== Supplied data

lemma projection_add: "proj (e + e') = proj e + proj e'"
proof (rule projection_eqI)
  show "proj e + proj e' \<in> L1"
    using submodule1 projection_mem unfolding submodule_def by blast
  have "(e - proj e) + (e' - proj e') \<in> L2"
    using submodule2 projection_diff_mem unfolding submodule_def by blast
  then show "e + e' - (proj e + proj e') \<in> L2"
    by (simp add: algebra_simps)
qed

lemma projection_smult: "proj (smult f e) = smult f (proj e)"
proof (rule projection_eqI)
  show "smult f (proj e) \<in> L1"
    using submodule1 projection_mem unfolding submodule_def by blast
  have "smult f (e - proj e) \<in> L2"
    using submodule2 projection_diff_mem unfolding submodule_def by blast
  then show "smult f e - smult f (proj e) \<in> L2"
    by (simp add: smult_diff_right)
qed

lemma projection_id: "x \<in> L1 \<Longrightarrow> proj x = x"
  using submodule2 by (intro projection_eqI) (simp_all add: submodule_def)

lemma pair_projection:
  assumes "y \<in> L2"
  shows "pair y (proj e) = pair y e"
proof -
  have "pair y (e - proj e) = 0"
    using dirac_isotropic[OF dirac2 assms projection_diff_mem] .
  then show ?thesis
    by (simp add: pair_diff_right)
qed
lemma rational_set_lstar_fails:
  "\<exists>(S::nat set) R. alphabet S \<and> rational_set S R \<and> \<not> rational_set S (lstar ` R)"
proof -
  define phi where "phi = (\<lambda>_::nat. {[0::nat]})"
  define R where "R = ratset (plus_words {0}) phi"
  have "alphabet {0::nat}"
    by (simp add: alphabet_def)
  moreover have "rational_set {0} R"
    using \<open>alphabet {0}\<close> unfolding rational_set_def R_def phi_def
    by (intro exI[of _ "{0::nat}"] exI[of _ "plus_words {0::nat}"] exI[of _ "\<lambda>_::nat. {[0::nat]}"])
      (simp add: regular_plus_words_singleton reg_subst_const_letter)
  moreover have "lstar ` R = unary_multiples 0 ` {0<..}"
  proof -
    have lengths: "length ` plus_words {0::nat} = {0<..}"
    proof (intro equalityI subsetI)
      fix n :: nat assume "n \<in> {0<..}"
      then have "replicate n 0 \<in> plus_words {0::nat}"
        by (simp add: plus_words_def)
      then show "n \<in> length ` plus_words {0::nat}"
        by (metis image_eqI length_replicate)
    qed (auto simp: plus_words_def)
    have "R = (\<lambda>n. {replicate n 0}) ` length ` plus_words {0::nat}"
      unfolding R_def ratset_def phi_def subst_const_singleton image_image by (rule refl)
    then show ?thesis
      by (simp add: lengths image_image lstar_singleton_replicate)
  qed
  moreover have "\<not> rational_set {0} (unary_multiples (0::nat) ` {0<..})"
    by (rule not_rational_set_unary_multiples) (simp_all add: infinite_Ioi)
  ultimately show ?thesis
    by metis
qed

lemma finite_rational_set_lstar:
  assumes "rational_set S R" "finite R"
  shows "finite (lstar ` R) \<and> rational_set S (lstar ` R)"
  using assms rational_set_regular regular_lstar
  by (blast intro: finite_regular_rational_set)

lemma lstar_notin_ratset:
  assumes "\<forall>d\<in>D. [] \<notin> phi d" "K \<subseteq> plus_words D"
  shows "lstar L \<notin> ratset K phi"
proof
  assume "lstar L \<in> ratset K phi"
  then obtain w where "w \<in> K" "lstar L = subst phi w"
    unfolding ratset_def by blast
  then have "[] \<in> subst phi w" "w \<noteq> []" "set w \<subseteq> D"
    using Nil_in_lstar assms(2) by (auto simp: plus_words_def)
  with assms(1) show False
    by (auto simp: Nil_in_subst_iff neq_Nil_conv)
qed
(* For every integer $n\ge 0$, $$\Phi^{(2)}[aq^n; b, b'; c, c'; x, y] = \sum_{k=0}^n \sum_{i=0}^k \begin{bmatrix} n \\ k \end{bmatrix} \begin{bmatrix} k \\ i \end{bmatrix} \frac{(b; q)_{k-i} (b'; q)_i}{(c; q)_{k-i} (c'; q)_i} q^{2\binom{k}{2}} a^k x^{k-i} y^i\, \Phi^{(2)}[aq^k; bq^{k-i}, b'q^i; cq^{k-i}, c'q^i; xq^i, y]$$ and $$\Phi^{(2)}[aq^{-n}; b, b'; c, c'; x, y] = \sum_{k=0}^n \sum_{i=0}^k \begin{bmatrix} n \\ k \end{bmatrix} \begin{bmatrix} k \\ i \end{bmatrix} \frac{(b; q)_{k-i} (b'; q)_i}{(c; q)_{k-i} (c'; q)_i} q^{\binom{k}{2} - nk} (-a)^k x^{k-i} y^i\, \Phi^{(2)}[a; bq^{k-i}, b'q^i; cq^{k-i}, c'q^i; xq^i, y].$$
   Context: Let $q$ be a complex number with $0<|q|<1$. For complex $z$ and integer $m\ge 0$, $(z;q)_m=\prod_{j=0}^{m-1}(1-zq^j)$, with $(z;q)_0=1$. For integers $0\le k\le n$, $\begin{bmatrix} n \\ k \end{bmatrix}=\frac{(q;q)_n}{(q;q)_k(q;q)_{n-k}}$ is the $q$-binomial coefficient. The $q$-Appell function $\Phi^{(2)}$ is $$\Phi^{(2)}[a; b, b'; c, c'; x, y] = \sum_{m, n \geq 0} \frac{(a; q)_{m+n} (b; q)_m (b'; q)_n}{(q; q)_m (q; q)_n (c; q)_m (c'; q)_n} x^m y^n.$$ Identities are understood as identities of power series in $x,y$ (formal, or convergent for small $|x|,|y|$), with complex parameters chosen so that no denominator occurring vanishes. *)

theory Defs
  imports "HOL-Analysis.Analysis"
begin

definition qpoch :: "complex \<Rightarrow> complex \<Rightarrow> nat \<Rightarrow> complex" where
  "qpoch z q m = (\<Prod>j<m. 1 - z * q ^ j)"

definition qbinom :: "complex \<Rightarrow> nat \<Rightarrow> nat \<Rightarrow> complex" where
  "qbinom q n k = qpoch q q n / (qpoch q q k * qpoch q q (n - k))"

definition Phi2 :: "complex \<Rightarrow> complex \<Rightarrow> complex \<Rightarrow> complex \<Rightarrow> complex \<Rightarrow> complex
                     \<Rightarrow> complex \<Rightarrow> complex \<Rightarrow> complex" where
  "Phi2 q a b b' c c' x y =
     (\<Sum>\<^sub>\<infinity>(m, n)\<in>UNIV.
        qpoch a q (m + n) * qpoch b q m * qpoch b' q n
        / (qpoch q q m * qpoch q q n * qpoch c q m * qpoch c' q n) * x ^ m * y ^ n)"

end

theory Submission
  imports Defs
begin

(* The (m,n) coefficient of Phi2 q alpha b b' c c' x y is C(m,n) * (alpha;q)_(m+n) with C independent
   of alpha, so both identities are statements about expanding (alpha;q)_L.  Write
   [L]_j = (q;q)_L / (q;q)_(L-j)  (qfalling q L j).  Iterating the contiguous relation
     [L]_j (a;q)_(L-j) = [L]_j (aq;q)_(L-j) - a [L]_(j+1) (aq;q)_(L-j-1)
   upwards and downwards gives
     (a q^n;q)_L  = sum_k [n,k] q^(2 (k choose 2)) a^k [L]_k (a q^k;q)_(L-k),
     (a q^-n;q)_L = sum_k [n,k] q^((k choose 2) - nk) (-a)^k [L]_k (a;q)_(L-k).
   For L = m + n the q-Vandermonde identity [m+n]_k = sum_i [k,i] q^(i(m-k+i)) [m]_(k-i) [n]_i
   distributes [L]_k over the two summation indices, and the (k,i) piece is exactly the (m,n)
   coefficient of the (k,i) series on the right, shifted by (k-i, i).  All these series converge
   absolutely for small |x|, |y|, so the finite combination of shifted series sums to the left side. *)

section \<open>q-Pochhammer symbols and Gaussian binomial coefficients\<close>

lemma qpoch_0 [simp]: "qpoch z q 0 = 1"
  by (simp add: qpoch_def)
text \<open>The two integrals on the left are the double integrals of \<open>f x * g y\<close> over the parts
  \<open>y \<le> x\<close> and \<open>x < y\<close> of the plane.\<close>

lemma integral_mult_indef_integral:
  fixes f g :: "real \<Rightarrow> real"
  assumes f: "integrable lborel f" and g: "integrable lborel g"
  shows "(\<integral>x. f x * indef_integral g x \<partial>lborel) + (\<integral>y. g y * indef_integral f y \<partial>lborel)
       = integral\<^sup>L lborel f * integral\<^sup>L lborel g"
proof -
  have [measurable]: "f \<in> borel_measurable lborel" "g \<in> borel_measurable lborel"
    using f g by auto
  note [measurable] = sets_lborel_pair_le sets_lborel_pair_less
  define Q where "Q = (\<lambda>p::real \<times> real. f (fst p) * g (snd p))"
  define Q1 where "Q1 = (\<lambda>p. f (fst p) * (g (snd p) * indicator {p. snd p \<le> fst p} p))"
  define Q2 where "Q2 = (\<lambda>p. g (snd p) * (f (fst p) * indicator {p. fst p < snd p} p))"
  have [measurable]: "Q \<in> borel_measurable (lborel \<Otimes>\<^sub>M lborel)"
    "Q1 \<in> borel_measurable (lborel \<Otimes>\<^sub>M lborel)" "Q2 \<in> borel_measurable (lborel \<Otimes>\<^sub>M lborel)"
    unfolding Q_def Q1_def Q2_def by measurable
  have Q: "integrable (lborel \<Otimes>\<^sub>M lborel) Q"
  proof (rule lborel_pair.Fubini_integrable)
    have "(\<lambda>x. \<integral>y. norm (Q (x, y)) \<partial>lborel) = (\<lambda>x. \<bar>f x\<bar> * (\<integral>y. \<bar>g y\<bar> \<partial>lborel))"
      by (auto simp: Q_def abs_mult fun_eq_iff)
    then show "integrable lborel (\<lambda>x. \<integral>y. norm (Q (x, y)) \<partial>lborel)"
      using f by simp
    show "AE x in lborel. integrable lborel (\<lambda>y. Q (x, y))"
      using g by (simp add: Q_def)
  qed measurable
  have Q1: "integrable (lborel \<Otimes>\<^sub>M lborel) Q1" and Q2: "integrable (lborel \<Otimes>\<^sub>M lborel) Q2"
    by (rule Bochner_Integration.integrable_bound[OF Q],
        auto simp: Q_def Q1_def Q2_def indicator_def abs_mult)+
  have "Q = (\<lambda>p. Q1 p + Q2 p)"
    by (auto simp: Q_def Q1_def Q2_def indicator_def fun_eq_iff)
  then have "integral\<^sup>L (lborel \<Otimes>\<^sub>M lborel) Q
      = integral\<^sup>L (lborel \<Otimes>\<^sub>M lborel) Q1 + integral\<^sup>L (lborel \<Otimes>\<^sub>M lborel) Q2"
    using Q1 Q2 by simp
  moreover have "integral\<^sup>L (lborel \<Otimes>\<^sub>M lborel) Q = integral\<^sup>L lborel f * integral\<^sup>L lborel g"
    using lborel_pair.integral_fst'[OF Q] by (simp add: Q_def)
  moreover have "integral\<^sup>L (lborel \<Otimes>\<^sub>M lborel) Q1 = (\<integral>x. f x * indef_integral g x \<partial>lborel)"
    using lborel_pair.integral_fst'[OF Q1] by (simp add: Q1_def indef_integral_def indicator_def)
  moreover have "integral\<^sup>L (lborel \<Otimes>\<^sub>M lborel) Q2 = (\<integral>y. g y * indef_integral f y \<partial>lborel)"
  proof -
    have "integral\<^sup>L (lborel \<Otimes>\<^sub>M lborel) Q2 = (\<integral>y. (\<integral>x. Q2 (x, y) \<partial>lborel) \<partial>lborel)"
      using lborel_pair.integral_snd[of "\<lambda>x y. Q2 (x, y)"] Q2 by simp
    also have "\<dots> = (\<integral>y. g y * (\<integral>x. f x * indicator {..<y} x \<partial>lborel) \<partial>lborel)"
      by (simp add: Q2_def indicator_def)
    finally show ?thesis by (simp add: indef_integral_lessThan[OF f])
  qed
  ultimately show ?thesis by simp
qed

lemma indef_integral_mult_indef_integral:
  assumes f: "integrable lborel f" and g: "integrable lborel g"
  shows "indef_integral (\<lambda>x. f x * indef_integral g x) t + indef_integral (\<lambda>x. g x * indef_integral f x) t
       = indef_integral f t * indef_integral g t"
proof -
  define ft where "ft = (\<lambda>x. f x * indicator {..t} x)"
  define gt where "gt = (\<lambda>x. g x * indicator {..t} x)"
  have ft: "integrable lborel ft" and gt: "integrable lborel gt"
    unfolding ft_def gt_def using f g by (simp_all add: integrable_real_mult_indicator)
  have truncate: "indef_integral (\<lambda>s. h s * indicator {..t} s) x = indef_integral h x" if "x \<le> t" for h x
    unfolding indef_integral_def using that
    by (intro Bochner_Integration.integral_cong) (auto simp: indicator_def)
  have "(\<integral>x. ft x * indef_integral gt x \<partial>lborel) = indef_integral (\<lambda>x. f x * indef_integral g x) t"
    unfolding indef_integral_def[of "\<lambda>x. f x * indef_integral g x"]
  proof (rule Bochner_Integration.integral_cong[OF refl])
    fix x show "ft x * indef_integral gt x = f x * indef_integral g x * indicator {..t} x"
      using truncate[of x g] by (cases "x \<le> t") (simp_all add: ft_def gt_def)
  qed
  moreover have "(\<integral>x. gt x * indef_integral ft x \<partial>lborel) = indef_integral (\<lambda>x. g x * indef_integral f x) t"
    unfolding indef_integral_def[of "\<lambda>x. g x * indef_integral f x"]
  proof (rule Bochner_Integration.integral_cong[OF refl])
    fix x show "gt x * indef_integral ft x = g x * indef_integral f x * indicator {..t} x"
      using truncate[of x f] by (cases "x \<le> t") (simp_all add: ft_def gt_def)
  qed
  ultimately show ?thesis
    using integral_mult_indef_integral[OF ft gt] by (simp add: indef_integral_def ft_def gt_def)
qed

text \<open>The positive and negative parts of \<open>h\<close> define measures that agree on all half-lines.\<close>

lemma AE_zero_if_integral_greaterThan_zero:
  fixes h :: "real \<Rightarrow> real"
  assumes h: "integrable lborel h" and zero: "\<And>x. (\<integral>y. h y * indicator {x<..} y \<partial>lborel) = 0"
  shows "AE x in lborel. h x = 0"
proof -
  define hp where "hp = (\<lambda>x. max 0 (h x))"
  define hn where "hn = (\<lambda>x. max 0 (- h x))"
  have hp: "integrable lborel hp" and hn: "integrable lborel hn"
    unfolding hp_def hn_def using h by auto
  have [measurable]: "hp \<in> borel_measurable borel" "hn \<in> borel_measurable borel"
    using hp hn by auto
  have nonneg: "0 \<le> hp y" "0 \<le> hn y" for y unfolding hp_def hn_def by auto
  have h_eq: "h y = hp y - hn y" for y unfolding hp_def hn_def by auto
  have emeasure_density: "emeasure (density lborel k) {x<..} = (\<integral>y. k y * indicator {x<..} y \<partial>lborel)"
    if k: "integrable lborel k" "\<And>y. 0 \<le> k y" for k :: "real \<Rightarrow> real" and x :: real
  proof -
    have [measurable]: "k \<in> borel_measurable borel" using k by auto
    have "emeasure (density lborel k) {x<..} = (\<integral>\<^sup>+ y. ennreal (k y * indicator {x<..} y) \<partial>lborel)"
      by (subst emeasure_density) (auto intro!: nn_integral_cong simp: indicator_def)
    also have "\<dots> = ennreal (\<integral>y. k y * indicator {x<..} y \<partial>lborel)"
      using k by (intro nn_integral_eq_integral) (auto simp: integrable_real_mult_indicator)
    finally show ?thesis .
  qed
  have "(\<integral>y. hp y * indicator {x<..} y \<partial>lborel) = (\<integral>y. hn y * indicator {x<..} y \<partial>lborel)" for x
    using zero[of x] hp hn
    by (simp add: h_eq left_diff_distrib integrable_real_mult_indicator)
  then have "density lborel hp = density lborel hn"
    by (intro measure_eqI_lessThan) (auto simp: emeasure_density hp hn nonneg)
  then have "AE y in lborel. ennreal (hp y) = ennreal (hn y)"
    by (intro sigma_finite_measure.density_unique[OF sigma_finite_lborel]) auto
  then show ?thesis
    by (rule eventually_mono) (simp add: h_eq nonneg)
qed

section \<open>Absolutely continuous functions on an interval\<close>

text \<open>The derivative is extended by \<open>0\<close> outside \<open>[0,T]\<close>, so that all integrals can be taken
  over the whole line; \<open>F\<close> itself is unconstrained there.\<close>

definition has_ac_deriv :: "real \<Rightarrow> (real \<Rightarrow> real) \<Rightarrow> (real \<Rightarrow> real) \<Rightarrow> bool" where
  "has_ac_deriv T F f \<longleftrightarrow> integrable lborel f \<and> (\<forall>x. x \<notin> {0..T} \<longrightarrow> f x = 0) \<and>
     (\<forall>t\<in>{0..T}. F t = F 0 + indef_integral f t)"

lemma has_ac_derivD:
  assumes "has_ac_deriv T F f"
  shows "integrable lborel f" "\<And>x. x \<notin> {0..T} \<Longrightarrow> f x = 0"
    "\<And>t. t \<in> {0..T} \<Longrightarrow> F t = F 0 + indef_integral f t"
  using assms unfolding has_ac_deriv_def by blast+

lemma has_ac_deriv_bounded_representative:
  assumes "has_ac_deriv T F f"
  obtains G C where "G \<in> borel_measurable borel" "\<And>x. \<bar>G x\<bar> \<le> C" "\<And>t. t \<in> {0..T} \<Longrightarrow> F t = G t"
proof
  note f = has_ac_derivD(1)[OF assms]
  then have [measurable]: "f \<in> borel_measurable borel" by auto
  show "(\<lambda>t. F 0 + indef_integral f t) \<in> borel_measurable borel" by measurable
  show "\<bar>F 0 + indef_integral f x\<bar> \<le> \<bar>F 0\<bar> + (\<integral>s. \<bar>f s\<bar> \<partial>lborel)" for x
    using abs_indef_integral_le[OF f, of x] by linarith
  show "F t = F 0 + indef_integral f t" if "t \<in> {0..T}" for t
    using has_ac_derivD(3)[OF assms that] .
qed

lemma integrable_mult_has_ac_deriv:
  assumes G: "has_ac_deriv T G g" and f: "integrable lborel f" "\<And>x. x \<notin> {0..T} \<Longrightarrow> f x = 0"
  shows "integrable lborel (\<lambda>x. f x * G x)"
proof -
  obtain R C where R: "R \<in> borel_measurable borel" "\<And>x. \<bar>R x\<bar> \<le> C" "\<And>t. t \<in> {0..T} \<Longrightarrow> G t = R t"
    using has_ac_deriv_bounded_representative[OF G] by blast
  have "integrable lborel (\<lambda>x. f x * R x)"
    using R(1,2) by (intro integrable_mult_bounded[OF f(1)]) auto
  moreover have "f x * R x = f x * G x" for x
    using f(2) R(3) by (cases "x \<in> {0..T}") auto
  ultimately show ?thesis by simp
qed

lemma integrable_has_ac_deriv_mult_indicator:
  assumes F: "has_ac_deriv T F f" and G: "has_ac_deriv T G g"
  shows "integrable lborel (\<lambda>x. F x * G x * indicator {0..T} x)"
proof -
  have "integrable lborel (\<lambda>x. indicator {0..T} x * F x)"
    using borel_integrable_atLeastAtMost[of 0 T "\<lambda>_. 1"]
    by (intro integrable_mult_has_ac_deriv[OF F]) auto
  then have "integrable lborel (\<lambda>x. indicator {0..T} x * F x * G x)"
    by (rule integrable_mult_has_ac_deriv[OF G]) auto
  then show ?thesis by (simp add: ac_simps)
qed

lemma has_ac_deriv_cong:
  assumes "has_ac_deriv T F f" "\<And>t. t \<in> {0..T} \<Longrightarrow> F' t = F t" "\<And>s. f' s = f s"
  shows "has_ac_deriv T F' f'"
proof -
  have "f' = f" using assms(3) by auto
  moreover have "F' t = F' 0 + indef_integral f t" if "t \<in> {0..T}" for t
    using that assms(2)[OF that] assms(2)[of 0] has_ac_derivD(3)[OF assms(1) that] by simp
  ultimately show ?thesis using assms(1) unfolding has_ac_deriv_def by blast
qed

lemma has_ac_deriv_add:
  assumes F: "has_ac_deriv T F f" and G: "has_ac_deriv T G g"
  shows "has_ac_deriv T (\<lambda>t. F t + G t) (\<lambda>s. f s + g s)"
  unfolding has_ac_deriv_def
proof (intro conjI ballI allI impI)
  note f = has_ac_derivD[OF F] and g = has_ac_derivD[OF G]
  show "integrable lborel (\<lambda>s. f s + g s)" using f(1) g(1) by simp
  show "f x + g x = 0" if "x \<notin> {0..T}" for x using f(2)[OF that] g(2)[OF that] by simp
  show "F t + G t = F 0 + G 0 + indef_integral (\<lambda>s. f s + g s) t" if "t \<in> {0..T}" for t
    using f(3)[OF that] g(3)[OF that] indef_integral_add[OF f(1) g(1)] by simp
qed

lemma has_ac_deriv_cmult:
  assumes F: "has_ac_deriv T F f"
  shows "has_ac_deriv T (\<lambda>t. c * F t) (\<lambda>s. c * f s)"
  unfolding has_ac_deriv_def
proof (intro conjI ballI allI impI)
  note f = has_ac_derivD[OF F]
  show "integrable lborel (\<lambda>s. c * f s)" using f(1) by simp
  show "c * f x = 0" if "x \<notin> {0..T}" for x using f(2)[OF that] by simp
  show "c * F t = c * F 0 + indef_integral (\<lambda>s. c * f s) t" if "t \<in> {0..T}" for t
    using f(3)[OF that] by (simp add: indef_integral_cmult distrib_left)
qed

lemma has_ac_deriv_diff:
  assumes F: "has_ac_deriv T F f" and G: "has_ac_deriv T G g"
  shows "has_ac_deriv T (\<lambda>t. F t - G t) (\<lambda>s. f s - g s)"
  using has_ac_deriv_add[OF F has_ac_deriv_cmult[OF G, of "-1"]] by simp

lemma has_ac_deriv_mult:
  assumes F: "has_ac_deriv T F f" and G: "has_ac_deriv T G g"
  shows "has_ac_deriv T (\<lambda>t. F t * G t) (\<lambda>s. f s * G s + F s * g s)"
proof -
  note f = has_ac_derivD(1,2)[OF F] and g = has_ac_derivD(1,2)[OF G]
  have fG: "integrable lborel (\<lambda>s. f s * G s)"
    by (rule integrable_mult_has_ac_deriv[OF G f])
  have Fg: "integrable lborel (\<lambda>s. F s * g s)"
    using integrable_mult_has_ac_deriv[OF F g] by (simp add: mult.commute)
  have fg: "integrable lborel (\<lambda>s. f s * indef_integral g s)"
    and gf: "integrable lborel (\<lambda>s. g s * indef_integral f s)"
    using f(1) g(1) abs_indef_integral_le[OF f(1)] abs_indef_integral_le[OF g(1)]
    by (auto intro!: integrable_mult_bounded)
  have "(\<lambda>s. f s * G s + F s * g s)
      = (\<lambda>s. (G 0 * f s + f s * indef_integral g s) + (F 0 * g s + g s * indef_integral f s))"
  proof
    fix s
    show "f s * G s + F s * g s
      = (G 0 * f s + f s * indef_integral g s) + (F 0 * g s + g s * indef_integral f s)"
      using has_ac_derivD(3)[OF F, of s] has_ac_derivD(3)[OF G, of s] f(2) g(2)
      by (cases "s \<in> {0..T}") (simp_all add: algebra_simps)
  qed
  then have expand: "indef_integral (\<lambda>s. f s * G s + F s * g s) t
      = G 0 * indef_integral f t + indef_integral (\<lambda>s. f s * indef_integral g s) t
        + (F 0 * indef_integral g t + indef_integral (\<lambda>s. g s * indef_integral f s) t)" for t
    using f(1) g(1) fg gf by (simp add: indef_integral_add indef_integral_cmult)
  have prod: "F t * G t = F 0 * G 0 + indef_integral (\<lambda>s. f s * G s + F s * g s) t"
    if t: "t \<in> {0..T}" for t
  proof -
    have "F t * G t = (F 0 + indef_integral f t) * (G 0 + indef_integral g t)"
      using has_ac_derivD(3)[OF F t] has_ac_derivD(3)[OF G t] by simp
    then show ?thesis
      using expand[of t] indef_integral_mult_indef_integral[OF f(1) g(1), of t] by (simp add: algebra_simps)
  qed
  show ?thesis unfolding has_ac_deriv_def
  proof (intro conjI ballI allI impI)
    show "integrable lborel (\<lambda>s. f s * G s + F s * g s)" using fG Fg by simp
    show "f x * G x + F x * g x = 0" if "x \<notin> {0..T}" for x using f(2)[OF that] g(2)[OF that] by simp
  qed (rule prod)
qed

====

### Work request
How many lines in the records above contain the word "shifted"? Reply with the number and nothing more.

### Task output
2